In a study on 12 eyes from chronic CSC patients, Schaal et al. revealed that IVB injection improved BCVA, as well as CMT. This finding is comparable to our study, although they used multiple injections of bevacizumab (2.5 mg) in six-to eight-week intervals. In our study, the mean volume of SRF before treatment was 10.5327 ± 2.038 μL, which changed to 8.4291 ± 1.539 μL after the first injection. In the same way, in the study by Schaal and colleagues, complete absorption of SRF was demonstrated in 50% of the patients.

In the retrospective study, Chung et al. evaluated the efficacy of IVB injection in the treatment of 77 eyes from 71 patients with chronic, atypical, or recurrent CSC. They injected IVB in 6-week intervals until SRF absorption and then based on an as-needed protocol according to OCT findings. At month 3 post-treatment, the mean BCVA and CMT improved significantly and was maintained during the one-year follow-up time. They found that improvement in BCVA was significant in eyes with chronic or recurrent CSC but was not statistically significant in eyes with atypical CSC. In another retrospective study, Unlu and co-workers assessed the subfoveal choroidal thickness (SFCT) changes following IVB injection in eyes with CSC. They treated 21 eyes with 1.25 mg IVB injection (IVB group) compared with 16 eyes in the control group. At month 3, improvement of visual acuity, SRF absorption, and SFCT reduction happened in all cases in both study groups; however, reduction of SFCT was significantly greater in the control group. The authors concluded that IVB injection is not superior to observation in the management of CSC. Unlike our study, Unlu et al. included patients with acute CSC.

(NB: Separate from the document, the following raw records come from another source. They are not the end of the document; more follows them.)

lemma curve_phase_height_deriv:
  assumes "z0 \<noteq> 0"
  shows "((\<lambda>t. z0 * tanh (curve_phase k z0 e c t)) has_real_derivative
           curve_pS k z0 e (z0 * tanh (curve_phase k z0 e c t)) / 2) (at t)"
proof -
  define T where "T = tanh (curve_phase k z0 e c t)"
  have "1 + T^2 > 0" by (smt (verit) zero_le_power2)
  have "((\<lambda>t. z0 * tanh (curve_phase k z0 e c t)) has_real_derivative
      z0 * ((1 - T^2) * (e * sqrt k / (2 * z0) / (1 + T^2)))) (at t)"
    unfolding T_def by (intro DERIV_cmult has_field_derivative_tanh curve_phase_deriv) simp
  then show ?thesis
  proof (rule DERIV_cong)
    have eqs: "z0^2 - (z0 * T)^2 = z0^2 * (1 - T^2)" "z0^2 + (z0 * T)^2 = z0^2 * (1 + T^2)"
      by (simp_all add: algebra_simps power_mult_distrib)
    have "z0 * (M * (e * sqrt k / (2 * z0) / N)) = e * sqrt k * (z0^2 * M) / (z0^2 * N) / 2"
      if "N > 0" for M N :: real
      using assms that by (simp add: field_simps power2_eq_square)
    from this[OF \<open>1 + T^2 > 0\<close>]
    show "z0 * ((1 - T^2) * (e * sqrt k / (2 * z0) / (1 + T^2)))
        = curve_pS k z0 e (z0 * tanh (curve_phase k z0 e c t)) / 2"
      unfolding T_def[symmetric] curve_pS_def eqs .
  qed
qed

lemma curve_phase_is_solution:
  fixes c \<theta>c :: real
  assumes "k > 0" "\<bar>e\<bar> = 1" "z0 > 0"
  defines "\<phi> \<equiv> curve_phase k z0 e c"
  shows "is_solution k UNIV (\<lambda>t. curve_r z0 (z0 * tanh (\<phi> t))) (\<lambda>t. \<theta>c + \<phi> t)
           (\<lambda>t. z0 * tanh (\<phi> t))
           (\<lambda>t. curve_pR k z0 e (z0 * tanh (\<phi> t))) (\<lambda>t. curve_pS k z0 e (z0 * tanh (\<phi> t)))"
proof -
  have "(\<lambda>t. \<theta>c + artanh (z0 * tanh (\<phi> t) / z0)) = (\<lambda>t. \<theta>c + \<phi> t)"
    using \<open>z0 > 0\<close> by (simp add: artanh_tanh_real)
  moreover have "\<bar>z0 * tanh (\<phi> t)\<bar> < z0" for t
    using \<open>z0 > 0\<close> tanh_real_bounds[of "\<phi> t"] by (simp add: abs_mult abs_less_iff)
  ultimately show ?thesis
    using curve_is_solution[OF assms(1,2), of UNIV "\<lambda>t. z0 * tanh (\<phi> t)" z0 \<theta>c]
      curve_phase_height_deriv[of z0 k e c] \<open>z0 > 0\<close> unfolding \<phi>_def by simp
qed

lemma zero_J_point_on_curve:
  fixes k r z a p :: real
  assumes "k > 0" "r > 0" and J: "k^2 + 2 * Hf k r z a p * F3f k r z a p = 0"
  defines "z0 \<equiv> - k / (4 * Hf k r z a p)"
  shows "p \<noteq> 0" "r = curve_r z0 z" "p = curve_pS k z0 (sgn p) z" "a = curve_pR k z0 (sgn p) z"
proof -
  note st = zero_J_state[OF assms(1-3), folded z0_def]
  have "z0 > 0" using st(2) by linarith
  have A: "z0^2 - z^2 > 0" and B: "z0^2 + z^2 > 0"
    using st(2) abs_le_square_iff[of z0 z] \<open>z0 > 0\<close> by (auto simp: add_pos_nonneg)
  have "curve_r z0 z = sqrt (r^2)" unfolding curve_r_def st(3) ..
  then show r: "r = curve_r z0 z" using \<open>r > 0\<close> by simp
  have "\<bar>p\<bar> = sqrt (p^2)" by simp
  also have "\<dots> = sqrt k * \<bar>(z0^2 - z^2) / (z0^2 + z^2)\<bar>" by (simp add: st(4) real_sqrt_mult)
  also have "\<dots> = sqrt k * ((z0^2 - z^2) / (z0^2 + z^2))" using A B by simp
  finally have abs_p: "\<bar>p\<bar> = sqrt k * ((z0^2 - z^2) / (z0^2 + z^2))" .
  then show "p \<noteq> 0" using \<open>k > 0\<close> A B by auto
  show pS: "p = curve_pS k z0 (sgn p) z"
    using sgn_mult_abs[of p] abs_p by (simp add: curve_pS_def)
  define e where "e = sgn p"
  have A_r: "z0^2 - z^2 = z0 * r^2 / 2" using st(3) \<open>z0 > 0\<close> by simp
  note p_eq = pS[folded e_def, unfolded curve_pS_def A_r]
  have "- z * (e * sqrt k * (z0 * r^2 / 2) / B) / (z0 * r) = - e * sqrt k * z * r / (2 * B)"
    if "B > 0" for B using \<open>z0 > 0\<close> \<open>r > 0\<close> that by (simp add: field_simps power2_eq_square)
  from this[OF B] show "a = curve_pR k z0 (sgn p) z"
    unfolding st(5) curve_pR_def r[symmetric] e_def[symmetric] unfolding p_eq .
qed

In a prospective study, patients with chronic CSC who were treated with 1.25 mg IVB injection (12 eyes) were compared with low-fluence PDT (10 eyes). At 9-month follow-up time, visual acuity improvement was better in the IVB injection group; however, the difference was not significant. The mean IVB injection was 3.0 ± 1, and the mean PDT re-treatment was 1.6 ± 0.6 during the follow-up period (9 months). The author concluded that IVB injection can be a treatment modality for chronic CSC, which was compatible to our study results. Also, a combination of PDT with IVB injection may be effective in the management of chronic CSC.39, 40, 41 Naseripour et al. evaluated the efficacy of half-dose verteporfin PDT in the treatment of chronic CSC. They reported that SRF was resolved in 96.2% of eyes after 12-month follow-up. In our study, complete resolution of SRF happened in 95.5% of eyes at the final follow-up visit; however, 3-month response of half-dose PDT was higher in Naseripour et al.'s study compared to our study. PDT is currently the treatment of choice for chronic CSC, and IVB may serve as an alternative option.

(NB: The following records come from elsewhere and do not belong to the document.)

definition merge :: "'v set \<Rightarrow> 'v bas \<Rightarrow> 'v bas \<Rightarrow> 'v bas" where
  "merge W k i = (\<lambda>v. if v \<in> W then k v else i v)"

text \<open>Vectors of H_W (embedded as vectors supported on the local basis) and subspaces of H_W.\<close>
definition local_vecs :: "'v set \<Rightarrow> 'v state set" where
  "local_vecs W = {\<psi>. \<forall>b. b \<notin> BW W \<longrightarrow> \<psi> b = 0}"

definition local_subspace :: "'v set \<Rightarrow> 'v state set \<Rightarrow> bool" where
  "local_subspace W P \<longleftrightarrow> is_subspace P \<and> P \<subseteq> local_vecs W"

definition local_perp :: "'v::finite set \<Rightarrow> 'v state set \<Rightarrow> 'v state set" where
  "local_perp W P = {\<psi> \<in> local_vecs W. \<forall>\<phi>\<in>P. cinner \<phi> \<psi> = 0}"

text \<open>Cylindrical extension of an operator on H_W (matrix indexed by local basis states) to H_V.\<close>
definition cyl :: "'v set \<Rightarrow> 'v op \<Rightarrow> 'v op" where
  "cyl W A = (\<lambda>i j. if (\<forall>v. v \<notin> W \<longrightarrow> i v = j v) then A (rst W i) (rst W j) else 0)"

text \<open>Partial trace over W; the result is an operator on H_(V-W).\<close>
definition ptrace :: "'v set \<Rightarrow> 'v op \<Rightarrow> 'v op" where
  "ptrace W A = (\<lambda>i j. if i \<in> BW (- W) \<and> j \<in> BW (- W)
      then (\<Sum>k\<in>BW W. A (merge W k i) (merge W k j)) else 0)"

text \<open>|0>_W tensor psi, for psi a vector of H_(V-W).\<close>
definition tens0 :: "'v set \<Rightarrow> 'v state \<Rightarrow> 'v state" where
  "tens0 W \<psi> = (\<lambda>b. if (\<forall>v\<in>W. \<not> b v) then \<psi> (rst (- W) b) else 0)"

definition ket0bra :: "'v bas \<Rightarrow> 'v op" where
  "ket0bra i = (\<lambda>a b. if a = (\<lambda>_. False) \<and> b = i then 1 else 0)"

definition sandwich :: "'v::finite op \<Rightarrow> 'v op \<Rightarrow> 'v op" where
  "sandwich E \<rho> = mmul (mmul E \<rho>) (adj E)"

text \<open>Programs. Variable lists qbar are represented by the set of their (distinct) variables.\<close>
datatype 'v prog =
    Skip
  | Init "'v set"
  | Apply "'v set" "'v op"
  | Assert "'v set" "'v state set"
  | Seq "'v prog" "'v prog"
  | IfP "'v set" "'v state set" "'v prog" "'v prog"
  | WhileP "'v set" "'v state set" "'v prog"

fun wf_prog :: "'v::finite prog \<Rightarrow> bool" where
  "wf_prog Skip = True"
| "wf_prog (Init W) = True"
| "wf_prog (Apply W U) = unitary_op (cyl W U)"
| "wf_prog (Assert W P) = local_subspace W P"
| "wf_prog (Seq S0 S1) = (wf_prog S0 \<and> wf_prog S1)"
| "wf_prog (IfP W P S1 S0) = (local_subspace W P \<and> wf_prog S1 \<and> wf_prog S0)"
| "wf_prog (WhileP W P S) = (local_subspace W P \<and> wf_prog S)"

primrec sem :: "'v::finite prog \<Rightarrow> 'v op \<Rightarrow> 'v op" where
  "sem Skip \<rho> = \<rho>"
| "sem (Init W) \<rho> = (\<lambda>a b. \<Sum>i\<in>BW W. sandwich (cyl W (ket0bra i)) \<rho> a b)"
| "sem (Apply W U) \<rho> = sandwich (cyl W U) \<rho>"
| "sem (Assert W P) \<rho> = sandwich (cyl W (proj P)) \<rho>"
| "sem (Seq S0 S1) \<rho> = sem S1 (sem S0 \<rho>)"
| "sem (IfP W P S1 S0) \<rho> = (\<lambda>a b.
      sem S1 (sandwich (cyl W (proj P)) \<rho>) a b
    + sem S0 (sandwich (cyl W (proj (local_perp W P))) \<rho>) a b)"
| "sem (WhileP W P S) \<rho> = (\<lambda>a b. \<Sum>n. sandwich (cyl W (proj (local_perp W P)))
      (((\<lambda>\<sigma>. sem S (sandwich (cyl W (proj P)) \<sigma>)) ^^ n) \<rho>) a b)"

definition alpha_s :: "'v::finite op set \<Rightarrow> 'v state set" where
  "alpha_s R = cspan (\<Union>\<rho>\<in>R. supp \<rho>)"

definition gamma_s :: "'v::finite state set \<Rightarrow> 'v op set" where
  "gamma_s P = {\<rho> \<in> dens. supp \<rho> \<subseteq> P}"

definition complete_abs :: "('v::finite op \<Rightarrow> 'v op) \<Rightarrow> ('v state set \<Rightarrow> 'v state set) \<Rightarrow> bool" where
  "complete_abs f fs \<longleftrightarrow> (\<forall>R. R \<subseteq> dens \<longrightarrow> alpha_s (f ` R) = fs (alpha_s R))"

end

theory Submission
  imports Defs "HOL-Analysis.Linear_Algebra" "HOL-Analysis.Finite_Cartesian_Product"
begin

text \<open>Everything reduces to one fact about a Kraus sum \<open>M = \<Sum>\<^sub>k E\<^sub>k \<rho> E\<^sub>k\<^sup>\<dagger>\<close> with
  \<open>\<rho>\<close> positive: its range is the span of the vectors \<open>E\<^sub>k \<psi>\<close>, \<open>\<psi>\<close> in the range of \<open>\<rho>\<close>.
  One inclusion is immediate. For the other, if \<open>z\<close> is orthogonal to the range of \<open>M\<close>, then
  \<open>0 = \<langle>z, M z\<rangle> = \<Sum>\<^sub>k \<langle>E\<^sub>k\<^sup>\<dagger> z, \<rho> E\<^sub>k\<^sup>\<dagger> z\<rangle>\<close> is a sum of non-negative terms, so
  \<open>\<rho> E\<^sub>k\<^sup>\<dagger> z = 0\<close> and \<open>z\<close> is orthogonal to every \<open>E\<^sub>k \<rho> u\<close>. Since \<open>\<alpha>\<^sub>s\<close> takes spans of
  supports and spans commute with unions and linear images, every Kraus representation yields
  the stated complete abstraction. The basic commands are instances: a unitary or a projector
  is a single Kraus operator, and initialisation has the Kraus operators \<open>|0\<rangle>\<langle>i|\<close>, whose
  action on a subspace \<open>Q\<close> is read off the partial trace of its projector, itself the Kraus
  sum of the partial bras \<open>\<langle>i|\<^sub>W\<close>.\<close>

section \<open>Complex subspaces and spans\<close>

definition csubspace :: "'v state set \<Rightarrow> bool" where
  "csubspace T \<longleftrightarrow> (\<lambda>_. 0) \<in> T \<and> (\<forall>x\<in>T. \<forall>y\<in>T. (\<lambda>b. x b + y b) \<in> T)
     \<and> (\<forall>c. \<forall>x\<in>T. (\<lambda>b. c * x b) \<in> T)"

Additionally, the mean contrast sensitivity in our patients was 13.8182 ± 2.64820 dB before treatment, which significantly changed to 17.6818 ± 1.80967 dB after the treatment (P = 0.000). Contrast sensitivity in these patients suggests a relative improvement; therefore, despite a near-complete recovery of vision, the contrast sensitivity level may not be normal.

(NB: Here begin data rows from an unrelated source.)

definition parking_function :: "('n::finite \<Rightarrow> nat) \<Rightarrow> bool" where
  "parking_function q \<longleftrightarrow> (\<forall>i. 1 \<le> q i) \<and>
     (let qs = sorted_list_of_multiset (image_mset q (mset_set UNIV))
      in \<forall>i < CARD('n). qs ! i \<le> i + 1)"

definition PF_points :: "(real ^ 'n::finite) set" where
  "PF_points = {(\<chi> i. real (q i)) | q. parking_function q}"

end

theory Submission
  imports Defs
begin

text \<open>
  A stable configuration is recurrent exactly when it is staircase dominant: any \<open>k\<close> vertices
  together hold at least \<open>0 + 1 + \<dots> + (k - 1)\<close> grains. This property survives adding a grain
  and every toppling, and it holds for the maximal configuration, which the chain reaches from
  every stable state. Conversely the chain reaches every staircase dominant stable
  configuration from the maximal one: running a step backwards, one lifts a vertex \<open>u\<close> of
  minimal height to the maximum and takes one grain from each of the highest vertices it could
  have fired into; this keeps staircase dominance and decreases a potential.

  Writing \<open>x = n - c\<close>, staircase dominant stable configurations become the lattice points of
  the polyhedron given by \<open>x\<^sub>i \<ge> 1\<close> and \<open>\<Sum>(n - x\<^sub>i) \<ge> 0 + \<dots> + (|A| - 1)\<close> for every
  vertex set \<open>A\<close>, the sum ranging over \<open>A\<close>; this polyhedron contains
  the parking function polytope. Conversely \<open>x\<close> is itself a parking function if the values of
  \<open>c\<close> below \<open>n - 1\<close> are pairwise distinct; otherwise it is the midpoint of the two points
  obtained by replacing two equal values \<open>a, a\<close> of \<open>c\<close> by \<open>a - 1, a + 1\<close> and by \<open>a + 1, a - 1\<close>.
  Both stay staircase dominant and have a larger sum of squares, so induction applies.
\<close>

section \<open>The staircase condition\<close>

definition staircase_dominant :: "('a::finite \<Rightarrow> nat) \<Rightarrow> bool" where
  "staircase_dominant c \<longleftrightarrow> (\<forall>A. (\<Sum>m<card A. m) \<le> (\<Sum>i\<in>A. c i))"

lemma staircase_dominantD: "staircase_dominant c \<Longrightarrow> (\<Sum>m<card A. m) \<le> (\<Sum>i\<in>A. c i)"
  unfolding staircase_dominant_def by blast

lemma staircase_dominant_mono:
  assumes "staircase_dominant c" "\<And>i. c i \<le> d i"
  shows "staircase_dominant d"
  unfolding staircase_dominant_def
  using staircase_dominantD[OF assms(1)] sum_mono[of _ c d] assms(2) order_trans by metis

lemma staircase_dominant_pair:
  assumes "staircase_dominant c" "i \<noteq> j"
  shows "1 \<le> c i + c j"
  using staircase_dominantD[OF assms(1), of "{i, j}"] assms(2) by (simp add: numeral_2_eq_2)

lemma staircase_dominant_if_card_ge:
  fixes c :: "'a::finite \<Rightarrow> nat"
  assumes cnt: "\<And>m. m < CARD('a) \<Longrightarrow> CARD('a) - m \<le> card {i. m \<le> c i}"
  shows "staircase_dominant c"
  unfolding staircase_dominant_def
proof
  fix A :: "'a set"
  show "(\<Sum>m<card A. m) \<le> (\<Sum>i\<in>A. c i)"
  proof (induction "card A" arbitrary: A)
    case 0 then show ?case by simp
  next
    case (Suc k)
    have k: "k < CARD('a)" using card_mono[of UNIV A] Suc.hyps(2) by simp
    obtain a where a: "a \<in> A" "k \<le> c a"
    proof (rule ccontr)
      assume "\<not> thesis"
      with that have "{i. k \<le> c i} \<subseteq> UNIV - A" by auto
      hence "card {i. k \<le> c i} \<le> CARD('a) - Suc k"
        using card_mono[of "UNIV - A"] Suc.hyps(2) by (simp add: card_Diff_subset)
      with cnt[OF k] k show False by simp
    qed
    have "(\<Sum>m<card (A - {a}). m) \<le> (\<Sum>i\<in>A - {a}. c i)"
      using a Suc by (intro Suc.hyps) simp
    with a Suc.hyps(2)[symmetric] show ?case by (simp add: sum.remove[of A a])
  qed
qed

text \<open>Choose \<open>A\<close> minimising the deficit \<open>\<Sum>\<^sub>A c - (0 + \<dots> + (|A| - 1))\<close> and, among those
  sets, of maximal size; then neither removing nor adding one vertex lowers the deficit.\<close>

lemma staircase_violator_extremal:
  fixes c :: "'a::finite \<Rightarrow> nat"
  assumes "\<not> staircase_dominant c"
  obtains A where "(\<Sum>i\<in>A. c i) < (\<Sum>m<card A. m)"
    and "\<And>x. x \<in> A \<Longrightarrow> c x < card A" and "\<And>j. j \<notin> A \<Longrightarrow> card A < c j"
proof -
  define deficit where "deficit A = int (\<Sum>i\<in>A. c i) - int (\<Sum>m<card A. m)" for A :: "'a set"
  have deficit_insert: "deficit (insert x B) = deficit B + int (c x) - int (card B)" if "x \<notin> B" for x B
    using that by (simp add: deficit_def)
  define g where "g = Min (range deficit)"
  have g_min: "g \<le> deficit B" for B unfolding g_def by simp
  have "g \<in> range deficit" unfolding g_def by (intro Min_in) auto
  then obtain A0 where "deficit A0 = g" by auto
  moreover have "card B < Suc CARD('a)" for B :: "'a set"
    by (simp add: card_mono le_imp_less_Suc)
  ultimately obtain A where A: "deficit A = g" and Amax: "\<And>B. deficit B = g \<Longrightarrow> card B \<le> card A"
    using ex_has_greatest_nat[of "\<lambda>B. deficit B = g" A0 card "Suc CARD('a)"] by blast
  show thesis
  proof (rule that)
    obtain B where "(\<Sum>i\<in>B. c i) < (\<Sum>m<card B. m)"
      using assms unfolding staircase_dominant_def by (auto simp: not_le)
    with g_min[of B] A show "(\<Sum>i\<in>A. c i) < (\<Sum>m<card A. m)"
      unfolding deficit_def by linarith
  next
    fix x assume "x \<in> A"
    moreover from this have "0 < card A" by (auto simp: card_gt_0_iff)
    ultimately show "c x < card A"
      using deficit_insert[of x "A - {x}"] g_min[of "A - {x}"] A by (simp add: insert_absorb)
  next
    fix j assume j: "j \<notin> A"
    have "g < deficit (insert j A)"
      using g_min[of "insert j A"] Amax[of "insert j A"] j by (fastforce simp: order_le_less)
    with deficit_insert[OF j] A show "card A < c j" by simp
  qed
qed

lemma staircase_dominant_spread:
  fixes c :: "'a::finite \<Rightarrow> nat"
  assumes R: "staircase_dominant c" and ij: "i \<noteq> j" "c i = c j" and pos: "1 \<le> c i"
  shows "staircase_dominant (c(i := c i - 1, j := c j + 1))" (is "staircase_dominant ?c'")
  unfolding staircase_dominant_def
proof
  fix A :: "'a set"
  have shift: "(\<Sum>k\<in>A. ?c' k) + (if i \<in> A then 1 else 0) = (\<Sum>k\<in>A. c k) + (if j \<in> A then 1 else 0)"
  proof -
    have "?c' k + (if k = i then 1 else 0) = c k + (if k = j then 1 else 0)" for k
      using ij pos by auto
    hence "(\<Sum>k\<in>A. ?c' k + (if k = i then 1 else 0)) = (\<Sum>k\<in>A. c k + (if k = j then 1 else 0))"
      by simp
    thus ?thesis by (simp add: sum.distrib)
  qed
  show "(\<Sum>m<card A. m) \<le> (\<Sum>k\<in>A. ?c' k)"
  proof (cases "i \<in> A \<and> j \<notin> A")
    case False
    with shift have "(\<Sum>k\<in>A. c k) \<le> (\<Sum>k\<in>A. ?c' k)" by (auto split: if_splits)
    with staircase_dominantD[OF R, of A] show ?thesis by linarith
  next
    case True
    define B where "B = A - {i}"
    have A: "A = insert i B" "i \<notin> B" "j \<notin> B" using True ij unfolding B_def by auto
    have "(\<Sum>m<card B. m) \<le> (\<Sum>k\<in>B. c k)" by (rule staircase_dominantD[OF R])
    moreover have "(\<Sum>m<card (insert j A). m) \<le> (\<Sum>k\<in>insert j A. c k)"
      by (rule staircase_dominantD[OF R])
    \<comment> \<open>the bound for \<open>B\<close> settles \<open>|B| < c i\<close>, the bound for \<open>A \<union> {j}\<close> the other case\<close>
    ultimately show ?thesis
      using shift True A ij by (cases "card B < c i") auto
  qed
qed

section \<open>Recurrent states of the stochastic sandpile\<close>

lemma ssm_topple_staircase:
  fixes c :: "'n::finite \<Rightarrow> nat"
  assumes "ssm_topple c c'" and R: "staircase_dominant c"
  shows "staircase_dominant c'"
proof -
  obtain v S b where v: "CARD('n) \<le> c v" and S: "S \<subseteq> UNIV - {v}"
    and c': "c' = (\<lambda>j. if j = v then c v - (card S + (if b then 1 else 0))
                     else if j \<in> S then c j + 1 else c j)"
    using assms(1) unfolding ssm_topple_def by blast
  show ?thesis
    unfolding staircase_dominant_def
  proof
    fix A :: "'n set"
    show "(\<Sum>m<card A. m) \<le> (\<Sum>i\<in>A. c' i)"
    proof (cases "v \<in> A")
      case False
      then have "(\<Sum>i\<in>A. c i) \<le> (\<Sum>i\<in>A. c' i)" by (intro sum_mono) (auto simp: c')
      with staircase_dominantD[OF R, of A] show ?thesis by linarith
    next
      case True
      define B where "B = A - {v}"
      have A: "A = insert v B" "v \<notin> B" using True unfolding B_def by auto
      have "(\<Sum>i\<in>B. c' i) = (\<Sum>i\<in>B. c i + (if i \<in> S then 1 else 0))"
        using A(2) by (intro sum.cong) (auto simp: c')
      also have "\<dots> = (\<Sum>i\<in>B. c i) + card (B \<inter> S)"
        by (simp add: sum.distrib sum.If_cases)
      finally have sum_B: "(\<Sum>i\<in>B. c' i) = (\<Sum>i\<in>B. c i) + card (B \<inter> S)" .
      have "S \<subseteq> (B \<inter> S) \<union> (UNIV - A)" using S A by auto
      hence "card S \<le> card (B \<inter> S) + (CARD('n) - card A)"
        using card_mono[of "(B \<inter> S) \<union> (UNIV - A)" S] card_Un_le[of "B \<inter> S" "UNIV - A"]
        by (simp add: card_Diff_subset)
      moreover have "card A \<le> CARD('n)" by (simp add: card_mono)
      \<comment> \<open>\<open>v\<close> keeps at least \<open>n - 1 - |S|\<close> grains, and at most \<open>n - |A|\<close> of those it sent left \<open>A\<close>\<close>
      ultimately have "card B \<le> c' v + card (B \<inter> S)"
        using v A by (auto simp: c')
      with staircase_dominantD[OF R, of B] A sum_B show ?thesis by simp
    qed
  qed
qed

lemma ssm_topple_star_staircase:
  "ssm_topple\<^sup>*\<^sup>* c c' \<Longrightarrow> staircase_dominant c \<Longrightarrow> staircase_dominant c'"
  by (induction rule: rtranclp_induct) (auto intro: ssm_topple_staircase)

lemma ssm_chain_step_staircase:
  assumes "ssm_chain_step c d" "staircase_dominant c"
  shows "staircase_dominant d"
proof -
  obtain i where "ssm_topple\<^sup>*\<^sup>* (c(i := c i + 1)) d"
    using assms(1) unfolding ssm_chain_step_def ssm_stabilises_to_def by blast
  moreover have "staircase_dominant (c(i := c i + 1))"
    by (rule staircase_dominant_mono[OF assms(2)]) simp
  ultimately show ?thesis by (rule ssm_topple_star_staircase)
qed

lemma ssm_chain_star_staircase:
  "ssm_chain_step\<^sup>*\<^sup>* c d \<Longrightarrow> staircase_dominant c \<Longrightarrow> staircase_dominant d"
  by (induction rule: rtranclp_induct) (auto intro: ssm_chain_step_staircase)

The most frequent FA pattern in our patients before the onset of treatment was expansile dot and smoke stack patterns, respectively, while the lowest pattern was the diffuse pattern. One of the patients had no leakage on FA, and complete improvement did not happen in this case after treatment. Consequently, FA pattern in patients with chronic CSC seems to be effective in responding to IVB injection. According to a study by Torres Soriano et al., leakage reduction using FA was shown in five patients with the expansile dot pattern. Similarly, in our study, 11 out of 22 patients showed this pattern, which decreased leakage.

Our study was only conducted in a single hospital and did not have a control group which are limitations. The small sample size and non-comparative design do not allow a clear conclusion.

In conclusion, our study demonstrated that IVB injection may lead to absorption of exudative retinal detachment and result in visual function improvement in chronic CSC. However, further randomized clinical trials with a control group and a larger sample size are necessary to evaluate the treatment of CSC using anti-VEGF agents.